Research shows that models tend to concentrate attention on the beginning and end of the context. Information stored in the middle of a long document is represented less accurately in responses — a phenomenon called "lost in the middle." The needle-in-a-haystack benchmark (finding a single sentence hidden in a long text) measures only the ability to retrieve an isolated fact. Real production tasks are more complex — they require connecting multiple pieces of information from different parts of a document and reasoning across several steps. On such tasks, quality degradation sets in earlier and is more pronounced.
In practice this means: if you have a 500-page technical manual and ask about the dependency between section 3 and section 47, a model with the entire book in context does not necessarily answer better than a model that was handed only the two relevant sections via RAG. And the second approach is substantially cheaper.
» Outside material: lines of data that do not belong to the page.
(* Let $M\ge1$ and $\chi,\tilde\chi\in\widetilde{\mathcal W}^-\cup\mathcal W^+_M$ with $\tilde\chi\le\chi$, and let $Q=Q_{\chi,\tilde\chi}$. Then the function $h(t)=\dfrac{Q(t)^2}{t}$ is non-increasing on $\mathbb R_{>0}$.
   Context: $\widetilde{\mathcal W}^-$: convex non-decreasing $\chi:\mathbb R_{\le0}\to\mathbb R_{\le0}$, $\chi(0)=0$, $\chi\not\equiv0$. $\mathcal W^+_M$: increasing concave $\chi:\mathbb R_{\le0}\to\mathbb R_{\le0}$, $\chi(0)=0$, $\chi<0$ on $(-\infty,0)$, $|t\chi'(t)|\le M|\chi(t)|$ for $t\le0$. For $\epsilon>0$, $Q_0(\epsilon)=\sup_{t\le-1}\chi(\epsilon t)/\tilde\chi(t)$; $Q(t)=1$ for $t\ge1$; for $0<t<1$, $Q(t)=(Q_0(t)/Q_0(1))^{1/2}$ if $\chi\in\widetilde{\mathcal W}^-$ and $Q(t)=t^{1/2}$ if $\chi\in\mathcal W^+_M$; $Q(0)=\lim_{s\to0^+}Q(s)$. *)

theory Defs
  imports "HOL-Analysis.Analysis"
begin

text \<open>Functions on the non-positive reals are modelled as total functions
  real \<Rightarrow> real; only their values on {..0} matter.\<close>

definition Wminus :: "(real \<Rightarrow> real) \<Rightarrow> bool" where
  "Wminus chi \<longleftrightarrow> convex_on {..0} chi \<and> mono_on {..0} chi \<and> chi 0 = 0
     \<and> (\<forall>t\<le>0. chi t \<le> 0) \<and> (\<exists>t\<le>0. chi t \<noteq> 0)"

definition Wplus :: "real \<Rightarrow> (real \<Rightarrow> real) \<Rightarrow> bool" where
  "Wplus M chi \<longleftrightarrow> strict_mono_on {..0} chi \<and> concave_on {..0} chi \<and> chi 0 = 0
     \<and> (\<forall>t\<le>0. chi t \<le> 0) \<and> (\<forall>t<0. chi t < 0)
     \<and> (\<forall>t<0. chi differentiable (at t) \<and> \<bar>t * deriv chi t\<bar> \<le> M * \<bar>chi t\<bar>)"

definition Q0 :: "(real \<Rightarrow> real) \<Rightarrow> (real \<Rightarrow> real) \<Rightarrow> real \<Rightarrow> real" where
  "Q0 chi chit eps = (SUP t\<in>{..-1}. chi (eps * t) / chit t)"

definition Qpos :: "(real \<Rightarrow> real) \<Rightarrow> (real \<Rightarrow> real) \<Rightarrow> real \<Rightarrow> real" where
  "Qpos chi chit t = (if 1 \<le> t then 1
      else if Wminus chi then sqrt (Q0 chi chit t / Q0 chi chit 1) else sqrt t)"

definition Q :: "(real \<Rightarrow> real) \<Rightarrow> (real \<Rightarrow> real) \<Rightarrow> real \<Rightarrow> real" where
  "Q chi chit t = (if 0 < t then Qpos chi chit t
      else if t = 0 then Lim (at_right 0) (Qpos chi chit) else undefined)"

end

theory Submission
  imports Defs
begin

text \<open>On [1,\<infinity>) the function is 1/t. On (0,1] it is identically 1 when chi is concave, and
  (Q0(t)/t)/Q0(1) when chi is convex. In the convex case, convexity and chi(0) = 0 give
  chi(a s)/a \<le> chi(b s)/b for 0 < a \<le> b and s \<le> 0, so every ratio in the supremum defining
  Q0(t)/t, and hence Q0(t)/t itself, is non-increasing in t. The ratios lie in (0,1] because
  chit \<le> chi and chi is monotone, so Q0 is finite and positive. Both pieces equal 1 at t = 1.\<close>

abbreviation Wclass :: "real \<Rightarrow> (real \<Rightarrow> real) \<Rightarrow> bool" where
  "Wclass M chi \<equiv> Wminus chi \<or> Wplus M chi"

lemma antimono_on_Un:
  fixes f :: "'a::linorder \<Rightarrow> 'b::order"
  assumes "antimono_on A f" "antimono_on B f" "c \<in> A" "c \<in> B"
    and "\<forall>x\<in>A. x \<le> c" "\<forall>x\<in>B. c \<le> x"
  shows "antimono_on (A \<union> B) f"
proof (rule monotone_onI)
  fix r s assume r: "r \<in> A \<union> B" and s: "s \<in> A \<union> B" and "r \<le> s"
  show "f s \<le> f r"
  proof (cases "r \<in> A \<and> s \<in> B")
    case True
    then have "f s \<le> f c" "f c \<le> f r"
      using assms by (auto dest: monotone_onD)
    then show ?thesis by (rule order_trans)
  next
    case False
    have "(r \<in> A \<and> s \<in> A) \<or> (r \<in> B \<and> s \<in> B)"
    proof (cases "r \<in> B")
      case True
      with assms(5,6) \<open>r \<le> s\<close> have "s \<in> A \<Longrightarrow> s = c"
        by (meson antisym order_trans)
      with True s \<open>c \<in> B\<close> show ?thesis by auto
    qed (use False r s in auto)
    then show ?thesis
      using assms(1,2) \<open>r \<le> s\<close> by (auto dest: monotone_onD)
  qed
qed

lemma convex_on_scaleR_le:
  fixes f :: "'a::real_vector \<Rightarrow> real"
  assumes "convex_on S f" "0 \<in> S" "x \<in> S" "f 0 = 0" "0 \<le> l" "l \<le> 1"
  shows "f (l *\<^sub>R x) \<le> l * f x"
  using convex_onD[OF assms(1), of l 0 x] assms by simp

lemma Wminus_neg:
  assumes "Wminus chi" "t < 0"
  shows "chi t < 0"
proof -
  have cv: "convex_on {..0} chi" and mo: "mono_on {..0} chi" and z: "chi 0 = 0"
    using assms(1) unfolding Wminus_def by auto
  obtain t0 where "t0 \<le> 0" "chi t0 < 0"
    using assms(1) unfolding Wminus_def by force
  with z have "t0 < 0" by (cases "t0 = 0") auto
  show ?thesis
  proof (cases "t \<le> t0")
    case True
    then show ?thesis
      using mono_onD[OF mo, of t t0] \<open>t0 < 0\<close> \<open>chi t0 < 0\<close> by simp
  next
    case False
    define l where "l = t / t0"
    have "0 < l" "l \<le> 1"
      using False \<open>t0 < 0\<close> assms(2) by (auto simp: l_def divide_simps)
    have "chi t = chi (l *\<^sub>R t0)"
      using \<open>t0 < 0\<close> by (simp add: l_def)
    also have "\<dots> \<le> l * chi t0"
      using convex_on_scaleR_le[OF cv _ _ z] \<open>0 < l\<close> \<open>l \<le> 1\<close> \<open>t0 < 0\<close> by simp
    also have "\<dots> < 0"
      using \<open>0 < l\<close> \<open>chi t0 < 0\<close> by (simp add: mult_pos_neg)
    finally show ?thesis .
  qed
qed

lemma Wclass_neg:
  assumes "Wclass M chi" "t < 0"
  shows "chi t < 0"
  using assms Wminus_neg unfolding Wplus_def by blast

lemma Wclass_mono:
  assumes "Wclass M chi"
  shows "mono_on {..0} chi"
  using assms strict_mono_on_imp_mono_on unfolding Wminus_def Wplus_def by blast

lemma Q_sq_not_Wminus:
  assumes "\<not> Wminus chi" "0 < t" "t \<le> 1"
  shows "(Q chi chit t)\<^sup>2 = t"
  using assms unfolding Q_def Qpos_def by auto

context
  fixes M :: real and chi chit :: "real \<Rightarrow> real"
  assumes chi: "Wclass M chi" and chit: "Wclass M chit"
    and chit_le_chi: "\<forall>t\<le>0. chit t \<le> chi t"
begin

lemma Q0_ratio_pos:
  assumes "0 < e" "t \<le> -1"
  shows "0 < chi (e * t) / chit t"
  using Wclass_neg[OF chi, of "e * t"] Wclass_neg[OF chit, of t] assms
  by (simp add: mult_pos_neg divide_neg_neg)

lemma Q0_ratio_le_1:
  assumes "0 < e" "e \<le> 1" "t \<le> -1"
  shows "chi (e * t) / chit t \<le> 1"
proof -
  have "t \<le> e * t" "e * t \<le> 0"
    using assms by (auto simp: mult_le_cancel_right1 mult_pos_neg less_imp_le)
  then have "chit t \<le> chi (e * t)"
    using chit_le_chi mono_onD[OF Wclass_mono[OF chi], of t "e * t"] assms(3)
    by (meson atMost_iff dual_order.trans)
  then show ?thesis
    using Wclass_neg[OF chit, of t] assms(3) by (simp add: divide_simps)
qed

lemma Q0_upper:
  assumes "0 < e" "e \<le> 1" "t \<le> -1"
  shows "chi (e * t) / chit t \<le> Q0 chi chit e"
  unfolding Q0_def
proof (rule cSUP_upper)
  show "bdd_above ((\<lambda>t. chi (e * t) / chit t) ` {..-1})"
    using Q0_ratio_le_1 assms(1,2) by (intro bdd_aboveI[where M = 1]) auto
qed (use assms(3) in simp)

lemma Q0_pos:
  assumes "0 < e" "e \<le> 1"
  shows "0 < Q0 chi chit e"
  using Q0_ratio_pos[OF assms(1), of "-1"] Q0_upper[OF assms, of "-1"] by simp

lemma Q0_div_antimono:
  assumes "Wminus chi"
  shows "antimono_on {0<..1} (\<lambda>e. Q0 chi chit e / e)"
proof (rule monotone_onI)
  fix a b :: real assume a: "a \<in> {0<..1}" and b: "b \<in> {0<..1}" and "a \<le> b"
  have cv: "convex_on {..0} chi" and z: "chi 0 = 0"
    using assms unfolding Wminus_def by auto
  have "Q0 chi chit b \<le> b / a * Q0 chi chit a"
    unfolding Q0_def[of chi chit b]
  proof (rule cSUP_least)
    fix t assume "t \<in> {..-1::real}"
    then have t: "t \<le> -1" by simp
    have "chi (a * t) = chi ((a / b) *\<^sub>R (b * t))"
      using b by simp
    also have "\<dots> \<le> a / b * chi (b * t)"
      by (rule convex_on_scaleR_le[OF cv _ _ z])
         (use a b t \<open>a \<le> b\<close> in \<open>auto simp: mult_nonneg_nonpos\<close>)
    finally have "b / a * chi (a * t) \<le> chi (b * t)"
      using a b by (simp add: field_simps)
    then have "chi (b * t) / chit t \<le> b / a * chi (a * t) / chit t"
      using Wclass_neg[OF chit, of t] t by (intro divide_right_mono_neg) auto
    also have "\<dots> = b / a * (chi (a * t) / chit t)"
      by simp
    also have "\<dots> \<le> b / a * Q0 chi chit a"
      using Q0_upper[of a t] a b t by (intro mult_left_mono) auto
    finally show "chi (b * t) / chit t \<le> b / a * Q0 chi chit a" .
  qed simp
  then show "Q0 chi chit b / b \<le> Q0 chi chit a / a"
    using a b by (simp add: field_simps)
qed

lemma Q_sq_Wminus:
  assumes "Wminus chi" "0 < t" "t \<le> 1"
  shows "(Q chi chit t)\<^sup>2 = Q0 chi chit t / Q0 chi chit 1"
  using Q0_pos[of t] Q0_pos[of 1] assms unfolding Q_def Qpos_def by auto

lemma Q_sq_div_antimono_le_1:
  "antimono_on {0<..1} (\<lambda>t. (Q chi chit t)\<^sup>2 / t)"
proof (cases "Wminus chi")
  case True
  show ?thesis
  proof (rule monotone_onI)
    fix r s :: real assume r: "r \<in> {0<..1}" and s: "s \<in> {0<..1}" and "r \<le> s"
    have "Q0 chi chit s / s / Q0 chi chit 1 \<le> Q0 chi chit r / r / Q0 chi chit 1"
      using monotone_onD[OF Q0_div_antimono[OF True] r s \<open>r \<le> s\<close>] Q0_pos[of 1]
      by (intro divide_right_mono) simp_all
    then show "(Q chi chit s)\<^sup>2 / s \<le> (Q chi chit r)\<^sup>2 / r"
      using r s by (simp add: Q_sq_Wminus[OF True] ac_simps)
  qed
next
  case False
  then show ?thesis
    by (auto intro!: monotone_onI simp: Q_sq_not_Wminus)
qed

end

lemma Q_sq_div_antimono_ge_1:
  "antimono_on {1..} (\<lambda>t. (Q chi chit t)\<^sup>2 / t)"
  by (auto intro!: monotone_onI frac_le simp: Q_def Qpos_def)

theorem lemma3p6:
  fixes M :: real and chi chit :: "real \<Rightarrow> real"
  assumes "M \<ge> 1"
    and "Wminus chi \<or> Wplus M chi"
    and "Wminus chit \<or> Wplus M chit"
    and "\<forall>t\<le>0. chit t \<le> chi t"
  shows "antimono_on {0<..} (\<lambda>t. (Q chi chit t)^2 / t)"
proof -
  have "antimono_on ({0<..1} \<union> {1..}) (\<lambda>t. (Q chi chit t)^2 / t)"
    using Q_sq_div_antimono_le_1[OF assms(2-4)] Q_sq_div_antimono_ge_1
    by (rule antimono_on_Un) auto
  moreover have "{0<..1} \<union> {1..} = {0::real<..}"
    by auto
  ultimately show ?thesis
    by simp
qed

end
When a large context genuinely helps
Despite these limitations, there are scenarios where a long context is objectively the better choice. The main categories:
Whole-document analysis with sequential dependencies. If you want to summarise the minutes of a three-hour meeting, extract decisions from a lengthy legal filing, or analyse a long technical report where the conclusion depends on context introduced in the introduction — having the entire document in context makes sense. Here, linearity is an advantage, not a weakness.
Long conversations with full history. Multi-turn chat systems where every question depends on the previous answer — customer support with history, technical assistance where a single solution is refined across dozens of exchanges. Keeping the entire history in context is simpler than implementing sophisticated memory management.
Code review or refactoring of an entire repository. When you need the model to fix a dependency across multiple files simultaneously, the context of the full codebase eliminates inconsistencies. This is exactly how modern coding agents work — Cursor, Claude Code, and similar tools.
A single long, infrequent query. If you upload a 300-page contract once a month and ask about liability clauses, the economics work. One call, a clear output, low frequency — the cost is acceptable.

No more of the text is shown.